Your answer should be the line containing "and d :: nat" and every line after it to the end of the records below, word for word.

▶ _Extracted records_
━━━
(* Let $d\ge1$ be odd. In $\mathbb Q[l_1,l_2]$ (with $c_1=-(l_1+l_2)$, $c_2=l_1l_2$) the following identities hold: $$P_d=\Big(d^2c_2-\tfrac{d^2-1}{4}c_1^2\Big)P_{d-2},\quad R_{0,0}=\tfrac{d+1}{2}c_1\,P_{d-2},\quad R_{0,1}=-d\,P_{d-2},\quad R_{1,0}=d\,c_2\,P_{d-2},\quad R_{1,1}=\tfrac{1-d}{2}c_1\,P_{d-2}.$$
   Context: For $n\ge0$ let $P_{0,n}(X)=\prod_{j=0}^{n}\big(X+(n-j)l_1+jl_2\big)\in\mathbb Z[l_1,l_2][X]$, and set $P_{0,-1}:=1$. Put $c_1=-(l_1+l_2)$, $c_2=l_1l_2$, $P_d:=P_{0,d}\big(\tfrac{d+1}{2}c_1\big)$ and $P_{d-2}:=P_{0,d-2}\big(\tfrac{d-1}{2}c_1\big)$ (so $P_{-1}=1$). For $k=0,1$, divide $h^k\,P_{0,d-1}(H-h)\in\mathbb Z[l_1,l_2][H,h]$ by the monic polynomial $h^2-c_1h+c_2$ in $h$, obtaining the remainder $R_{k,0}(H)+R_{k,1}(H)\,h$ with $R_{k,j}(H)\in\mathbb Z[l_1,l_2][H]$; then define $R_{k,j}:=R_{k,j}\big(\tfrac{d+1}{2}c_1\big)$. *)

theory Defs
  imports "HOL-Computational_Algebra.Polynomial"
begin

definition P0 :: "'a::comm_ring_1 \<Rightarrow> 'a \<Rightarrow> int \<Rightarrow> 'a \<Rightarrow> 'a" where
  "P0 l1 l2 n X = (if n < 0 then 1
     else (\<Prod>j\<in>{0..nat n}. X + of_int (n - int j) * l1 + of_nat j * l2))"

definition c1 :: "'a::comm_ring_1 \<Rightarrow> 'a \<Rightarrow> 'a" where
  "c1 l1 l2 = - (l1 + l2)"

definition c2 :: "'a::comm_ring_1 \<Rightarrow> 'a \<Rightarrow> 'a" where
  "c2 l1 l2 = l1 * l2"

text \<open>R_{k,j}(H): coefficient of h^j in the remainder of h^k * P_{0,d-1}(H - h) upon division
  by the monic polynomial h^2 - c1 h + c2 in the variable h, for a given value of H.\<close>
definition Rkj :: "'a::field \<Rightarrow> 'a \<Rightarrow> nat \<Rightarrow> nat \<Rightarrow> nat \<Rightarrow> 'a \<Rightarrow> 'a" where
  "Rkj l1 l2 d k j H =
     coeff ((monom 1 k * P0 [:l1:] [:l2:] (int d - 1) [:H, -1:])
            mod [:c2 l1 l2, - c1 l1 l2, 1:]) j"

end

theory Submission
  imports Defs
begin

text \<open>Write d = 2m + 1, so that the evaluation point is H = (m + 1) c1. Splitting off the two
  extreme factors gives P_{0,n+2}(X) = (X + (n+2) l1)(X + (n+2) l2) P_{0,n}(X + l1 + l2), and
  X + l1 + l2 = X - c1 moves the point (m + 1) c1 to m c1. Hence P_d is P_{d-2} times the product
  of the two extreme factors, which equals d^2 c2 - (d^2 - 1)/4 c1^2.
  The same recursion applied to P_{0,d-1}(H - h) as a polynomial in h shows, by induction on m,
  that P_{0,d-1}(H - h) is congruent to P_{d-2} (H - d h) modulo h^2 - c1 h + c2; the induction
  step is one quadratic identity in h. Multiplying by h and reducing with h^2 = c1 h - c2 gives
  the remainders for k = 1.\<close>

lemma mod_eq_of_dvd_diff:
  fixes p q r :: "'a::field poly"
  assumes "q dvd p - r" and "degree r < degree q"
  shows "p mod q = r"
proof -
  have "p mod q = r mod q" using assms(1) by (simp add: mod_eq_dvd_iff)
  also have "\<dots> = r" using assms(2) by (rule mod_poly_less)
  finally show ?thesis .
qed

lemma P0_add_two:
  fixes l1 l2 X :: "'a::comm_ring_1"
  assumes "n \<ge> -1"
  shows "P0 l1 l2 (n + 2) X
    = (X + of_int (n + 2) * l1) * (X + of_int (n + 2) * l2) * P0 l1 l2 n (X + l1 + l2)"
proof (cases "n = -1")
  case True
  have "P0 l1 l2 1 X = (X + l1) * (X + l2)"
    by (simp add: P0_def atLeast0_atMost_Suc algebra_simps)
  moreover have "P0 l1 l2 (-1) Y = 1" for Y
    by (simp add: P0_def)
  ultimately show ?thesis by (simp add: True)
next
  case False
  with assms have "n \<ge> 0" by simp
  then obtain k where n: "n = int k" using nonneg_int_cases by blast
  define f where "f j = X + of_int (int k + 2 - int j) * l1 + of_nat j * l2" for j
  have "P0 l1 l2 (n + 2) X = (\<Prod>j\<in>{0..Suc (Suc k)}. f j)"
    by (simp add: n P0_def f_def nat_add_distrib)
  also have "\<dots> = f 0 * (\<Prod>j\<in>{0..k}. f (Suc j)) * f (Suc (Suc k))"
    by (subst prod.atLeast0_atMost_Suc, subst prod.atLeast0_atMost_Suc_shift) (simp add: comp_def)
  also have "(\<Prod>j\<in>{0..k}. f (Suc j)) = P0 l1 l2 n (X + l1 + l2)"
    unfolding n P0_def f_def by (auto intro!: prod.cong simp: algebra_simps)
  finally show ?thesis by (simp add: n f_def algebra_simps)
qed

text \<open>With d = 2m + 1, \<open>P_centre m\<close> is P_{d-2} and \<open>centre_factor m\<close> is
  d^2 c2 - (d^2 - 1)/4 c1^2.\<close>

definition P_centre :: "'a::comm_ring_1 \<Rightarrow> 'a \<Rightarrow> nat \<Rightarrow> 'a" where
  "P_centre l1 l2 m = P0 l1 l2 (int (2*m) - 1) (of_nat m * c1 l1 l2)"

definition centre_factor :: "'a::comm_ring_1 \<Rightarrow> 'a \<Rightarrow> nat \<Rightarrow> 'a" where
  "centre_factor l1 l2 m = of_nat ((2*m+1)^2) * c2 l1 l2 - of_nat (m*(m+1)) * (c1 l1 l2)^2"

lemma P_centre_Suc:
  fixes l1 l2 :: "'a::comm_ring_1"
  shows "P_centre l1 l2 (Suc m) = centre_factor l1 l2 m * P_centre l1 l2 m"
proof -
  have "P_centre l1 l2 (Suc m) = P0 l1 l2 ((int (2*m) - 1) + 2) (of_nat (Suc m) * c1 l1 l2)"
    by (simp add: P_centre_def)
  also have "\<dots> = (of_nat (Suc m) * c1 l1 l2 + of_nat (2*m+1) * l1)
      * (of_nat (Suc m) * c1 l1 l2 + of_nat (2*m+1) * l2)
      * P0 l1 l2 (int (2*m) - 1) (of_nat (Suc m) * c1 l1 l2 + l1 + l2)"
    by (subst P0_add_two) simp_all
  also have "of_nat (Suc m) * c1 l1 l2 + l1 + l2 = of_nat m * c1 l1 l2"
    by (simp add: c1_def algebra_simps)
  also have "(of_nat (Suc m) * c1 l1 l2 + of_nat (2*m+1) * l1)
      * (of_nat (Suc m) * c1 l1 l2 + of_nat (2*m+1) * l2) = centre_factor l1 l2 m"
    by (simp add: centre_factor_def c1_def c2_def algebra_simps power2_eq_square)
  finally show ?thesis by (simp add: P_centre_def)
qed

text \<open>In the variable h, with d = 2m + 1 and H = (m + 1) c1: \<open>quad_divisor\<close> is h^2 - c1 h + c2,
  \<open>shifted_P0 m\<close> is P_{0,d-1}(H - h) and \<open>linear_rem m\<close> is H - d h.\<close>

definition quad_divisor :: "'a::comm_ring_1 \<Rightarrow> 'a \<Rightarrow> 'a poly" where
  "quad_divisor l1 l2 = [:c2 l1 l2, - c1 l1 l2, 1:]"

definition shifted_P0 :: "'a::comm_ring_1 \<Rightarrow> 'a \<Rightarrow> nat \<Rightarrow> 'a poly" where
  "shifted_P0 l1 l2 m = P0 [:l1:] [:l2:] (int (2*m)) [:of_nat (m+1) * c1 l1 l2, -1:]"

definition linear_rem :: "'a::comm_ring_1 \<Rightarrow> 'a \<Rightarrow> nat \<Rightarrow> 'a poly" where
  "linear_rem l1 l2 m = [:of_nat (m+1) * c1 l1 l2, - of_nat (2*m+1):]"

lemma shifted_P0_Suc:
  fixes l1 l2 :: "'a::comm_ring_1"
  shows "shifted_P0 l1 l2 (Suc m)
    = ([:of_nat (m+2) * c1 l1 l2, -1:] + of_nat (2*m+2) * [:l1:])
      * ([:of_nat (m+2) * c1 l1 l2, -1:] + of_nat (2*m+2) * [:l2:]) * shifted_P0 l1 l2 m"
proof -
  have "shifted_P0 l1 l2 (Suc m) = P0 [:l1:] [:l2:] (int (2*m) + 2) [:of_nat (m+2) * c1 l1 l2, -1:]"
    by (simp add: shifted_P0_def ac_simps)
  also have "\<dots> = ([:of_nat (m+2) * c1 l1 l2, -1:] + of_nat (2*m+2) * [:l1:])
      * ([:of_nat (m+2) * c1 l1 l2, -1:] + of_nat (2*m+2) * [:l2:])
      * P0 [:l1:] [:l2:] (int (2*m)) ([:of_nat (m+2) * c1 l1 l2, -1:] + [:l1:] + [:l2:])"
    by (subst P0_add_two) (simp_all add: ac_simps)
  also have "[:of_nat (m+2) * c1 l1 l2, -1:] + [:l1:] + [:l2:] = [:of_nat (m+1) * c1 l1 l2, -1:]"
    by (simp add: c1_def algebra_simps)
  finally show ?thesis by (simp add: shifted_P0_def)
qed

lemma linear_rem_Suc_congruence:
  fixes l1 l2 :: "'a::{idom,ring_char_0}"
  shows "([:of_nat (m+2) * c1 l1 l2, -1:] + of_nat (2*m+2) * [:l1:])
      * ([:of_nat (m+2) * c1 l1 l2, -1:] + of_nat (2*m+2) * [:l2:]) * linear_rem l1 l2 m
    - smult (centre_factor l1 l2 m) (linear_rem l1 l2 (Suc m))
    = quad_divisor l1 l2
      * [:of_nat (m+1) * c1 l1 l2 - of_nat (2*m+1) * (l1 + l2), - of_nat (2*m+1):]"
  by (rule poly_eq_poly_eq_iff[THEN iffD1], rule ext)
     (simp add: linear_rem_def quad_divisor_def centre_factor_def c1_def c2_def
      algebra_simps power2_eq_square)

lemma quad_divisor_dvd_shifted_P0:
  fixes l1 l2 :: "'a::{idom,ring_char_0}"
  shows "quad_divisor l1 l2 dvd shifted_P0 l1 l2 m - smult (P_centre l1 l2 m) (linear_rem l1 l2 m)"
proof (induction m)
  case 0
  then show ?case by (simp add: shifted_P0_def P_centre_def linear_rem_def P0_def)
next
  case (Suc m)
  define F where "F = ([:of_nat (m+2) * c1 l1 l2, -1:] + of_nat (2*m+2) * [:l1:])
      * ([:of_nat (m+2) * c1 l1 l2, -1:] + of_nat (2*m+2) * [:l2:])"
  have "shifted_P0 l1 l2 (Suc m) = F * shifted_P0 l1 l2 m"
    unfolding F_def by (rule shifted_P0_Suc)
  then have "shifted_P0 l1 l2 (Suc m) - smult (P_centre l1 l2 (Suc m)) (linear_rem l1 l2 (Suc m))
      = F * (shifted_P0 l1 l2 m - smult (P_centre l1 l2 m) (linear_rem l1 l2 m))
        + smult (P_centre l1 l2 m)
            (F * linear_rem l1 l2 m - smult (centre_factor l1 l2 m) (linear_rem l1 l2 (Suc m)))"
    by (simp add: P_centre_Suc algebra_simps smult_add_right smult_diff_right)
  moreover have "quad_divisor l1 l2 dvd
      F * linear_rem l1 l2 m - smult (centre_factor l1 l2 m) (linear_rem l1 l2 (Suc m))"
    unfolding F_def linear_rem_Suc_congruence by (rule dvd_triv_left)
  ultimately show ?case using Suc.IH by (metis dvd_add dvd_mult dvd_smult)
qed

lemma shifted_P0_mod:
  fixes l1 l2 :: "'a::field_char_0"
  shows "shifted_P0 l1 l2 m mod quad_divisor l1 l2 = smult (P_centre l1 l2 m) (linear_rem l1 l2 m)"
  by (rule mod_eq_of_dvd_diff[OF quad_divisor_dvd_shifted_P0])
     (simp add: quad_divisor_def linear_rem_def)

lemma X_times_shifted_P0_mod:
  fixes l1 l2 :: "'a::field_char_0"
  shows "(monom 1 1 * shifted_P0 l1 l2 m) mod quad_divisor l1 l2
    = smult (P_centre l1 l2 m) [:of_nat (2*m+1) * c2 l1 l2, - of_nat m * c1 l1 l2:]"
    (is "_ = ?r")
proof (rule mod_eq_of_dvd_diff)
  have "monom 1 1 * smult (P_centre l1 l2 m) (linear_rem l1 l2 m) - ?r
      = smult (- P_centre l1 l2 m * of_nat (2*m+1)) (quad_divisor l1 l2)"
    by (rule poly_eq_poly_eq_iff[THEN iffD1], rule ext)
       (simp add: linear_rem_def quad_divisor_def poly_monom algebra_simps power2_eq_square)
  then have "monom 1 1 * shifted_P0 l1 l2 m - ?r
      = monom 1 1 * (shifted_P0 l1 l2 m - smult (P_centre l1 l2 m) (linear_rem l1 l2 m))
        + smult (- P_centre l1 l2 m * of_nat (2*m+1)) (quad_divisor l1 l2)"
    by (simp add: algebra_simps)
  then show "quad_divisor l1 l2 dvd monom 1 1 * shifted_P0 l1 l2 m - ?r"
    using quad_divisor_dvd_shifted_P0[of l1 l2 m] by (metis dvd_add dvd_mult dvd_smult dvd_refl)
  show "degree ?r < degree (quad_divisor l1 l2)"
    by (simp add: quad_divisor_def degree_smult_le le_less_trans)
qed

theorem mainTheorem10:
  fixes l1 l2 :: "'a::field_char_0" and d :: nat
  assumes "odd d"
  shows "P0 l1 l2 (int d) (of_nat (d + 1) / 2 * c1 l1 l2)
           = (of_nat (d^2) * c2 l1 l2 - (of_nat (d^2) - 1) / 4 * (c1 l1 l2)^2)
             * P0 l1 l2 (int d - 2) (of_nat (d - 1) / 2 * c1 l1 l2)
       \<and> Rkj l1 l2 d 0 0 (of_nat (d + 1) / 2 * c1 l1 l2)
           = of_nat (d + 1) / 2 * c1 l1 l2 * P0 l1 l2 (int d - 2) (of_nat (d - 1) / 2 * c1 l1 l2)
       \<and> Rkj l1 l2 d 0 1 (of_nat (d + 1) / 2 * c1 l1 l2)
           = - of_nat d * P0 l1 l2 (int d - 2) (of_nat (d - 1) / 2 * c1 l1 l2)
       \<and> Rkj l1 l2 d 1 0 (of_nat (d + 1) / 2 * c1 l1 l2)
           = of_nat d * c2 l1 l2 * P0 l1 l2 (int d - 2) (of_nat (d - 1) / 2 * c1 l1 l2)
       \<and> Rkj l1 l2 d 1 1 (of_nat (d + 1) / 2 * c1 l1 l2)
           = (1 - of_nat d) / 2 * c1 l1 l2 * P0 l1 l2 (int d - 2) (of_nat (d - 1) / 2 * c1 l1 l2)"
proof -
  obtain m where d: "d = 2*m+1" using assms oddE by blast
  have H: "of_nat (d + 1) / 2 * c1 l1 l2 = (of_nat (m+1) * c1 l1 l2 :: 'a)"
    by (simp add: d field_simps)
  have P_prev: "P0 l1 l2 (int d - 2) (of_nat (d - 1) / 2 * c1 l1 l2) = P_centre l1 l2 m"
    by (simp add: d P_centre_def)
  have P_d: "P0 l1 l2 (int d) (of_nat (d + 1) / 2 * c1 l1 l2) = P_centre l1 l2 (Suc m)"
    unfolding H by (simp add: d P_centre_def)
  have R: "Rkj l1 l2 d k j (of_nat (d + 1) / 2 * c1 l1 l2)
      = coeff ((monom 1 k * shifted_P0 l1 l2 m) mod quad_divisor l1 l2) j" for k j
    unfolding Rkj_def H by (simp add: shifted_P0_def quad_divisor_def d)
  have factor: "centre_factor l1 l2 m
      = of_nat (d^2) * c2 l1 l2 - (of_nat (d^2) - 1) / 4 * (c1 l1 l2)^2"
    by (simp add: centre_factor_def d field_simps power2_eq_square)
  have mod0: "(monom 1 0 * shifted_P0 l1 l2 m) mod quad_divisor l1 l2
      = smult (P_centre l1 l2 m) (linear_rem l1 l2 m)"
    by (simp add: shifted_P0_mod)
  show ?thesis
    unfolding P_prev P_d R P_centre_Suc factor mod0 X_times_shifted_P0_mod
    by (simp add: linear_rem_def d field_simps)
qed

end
━━━
▶ _Answer to this task_
  fixes l1 l2 :: "'a::field_char_0" and d :: nat
  assumes "odd d"
  shows "P0 l1 l2 (int d) (of_nat (d + 1) / 2 * c1 l1 l2)
           = (of_nat (d^2) * c2 l1 l2 - (of_nat (d^2) - 1) / 4 * (c1 l1 l2)^2)
             * P0 l1 l2 (int d - 2) (of_nat (d - 1) / 2 * c1 l1 l2)
       \<and> Rkj l1 l2 d 0 0 (of_nat (d + 1) / 2 * c1 l1 l2)
           = of_nat (d + 1) / 2 * c1 l1 l2 * P0 l1 l2 (int d - 2) (of_nat (d - 1) / 2 * c1 l1 l2)
       \<and> Rkj l1 l2 d 0 1 (of_nat (d + 1) / 2 * c1 l1 l2)
           = - of_nat d * P0 l1 l2 (int d - 2) (of_nat (d - 1) / 2 * c1 l1 l2)
       \<and> Rkj l1 l2 d 1 0 (of_nat (d + 1) / 2 * c1 l1 l2)
           = of_nat d * c2 l1 l2 * P0 l1 l2 (int d - 2) (of_nat (d - 1) / 2 * c1 l1 l2)
       \<and> Rkj l1 l2 d 1 1 (of_nat (d + 1) / 2 * c1 l1 l2)
           = (1 - of_nat d) / 2 * c1 l1 l2 * P0 l1 l2 (int d - 2) (of_nat (d - 1) / 2 * c1 l1 l2)"
proof -
  obtain m where d: "d = 2*m+1" using assms oddE by blast
  have H: "of_nat (d + 1) / 2 * c1 l1 l2 = (of_nat (m+1) * c1 l1 l2 :: 'a)"
    by (simp add: d field_simps)
  have P_prev: "P0 l1 l2 (int d - 2) (of_nat (d - 1) / 2 * c1 l1 l2) = P_centre l1 l2 m"
    by (simp add: d P_centre_def)
  have P_d: "P0 l1 l2 (int d) (of_nat (d + 1) / 2 * c1 l1 l2) = P_centre l1 l2 (Suc m)"
    unfolding H by (simp add: d P_centre_def)
  have R: "Rkj l1 l2 d k j (of_nat (d + 1) / 2 * c1 l1 l2)
      = coeff ((monom 1 k * shifted_P0 l1 l2 m) mod quad_divisor l1 l2) j" for k j
    unfolding Rkj_def H by (simp add: shifted_P0_def quad_divisor_def d)
  have factor: "centre_factor l1 l2 m
      = of_nat (d^2) * c2 l1 l2 - (of_nat (d^2) - 1) / 4 * (c1 l1 l2)^2"
    by (simp add: centre_factor_def d field_simps power2_eq_square)
  have mod0: "(monom 1 0 * shifted_P0 l1 l2 m) mod quad_divisor l1 l2
      = smult (P_centre l1 l2 m) (linear_rem l1 l2 m)"
    by (simp add: shifted_P0_mod)
  show ?thesis
    unfolding P_prev P_d R P_centre_Suc factor mod0 X_times_shifted_P0_mod
    by (simp add: linear_rem_def d field_simps)
qed

end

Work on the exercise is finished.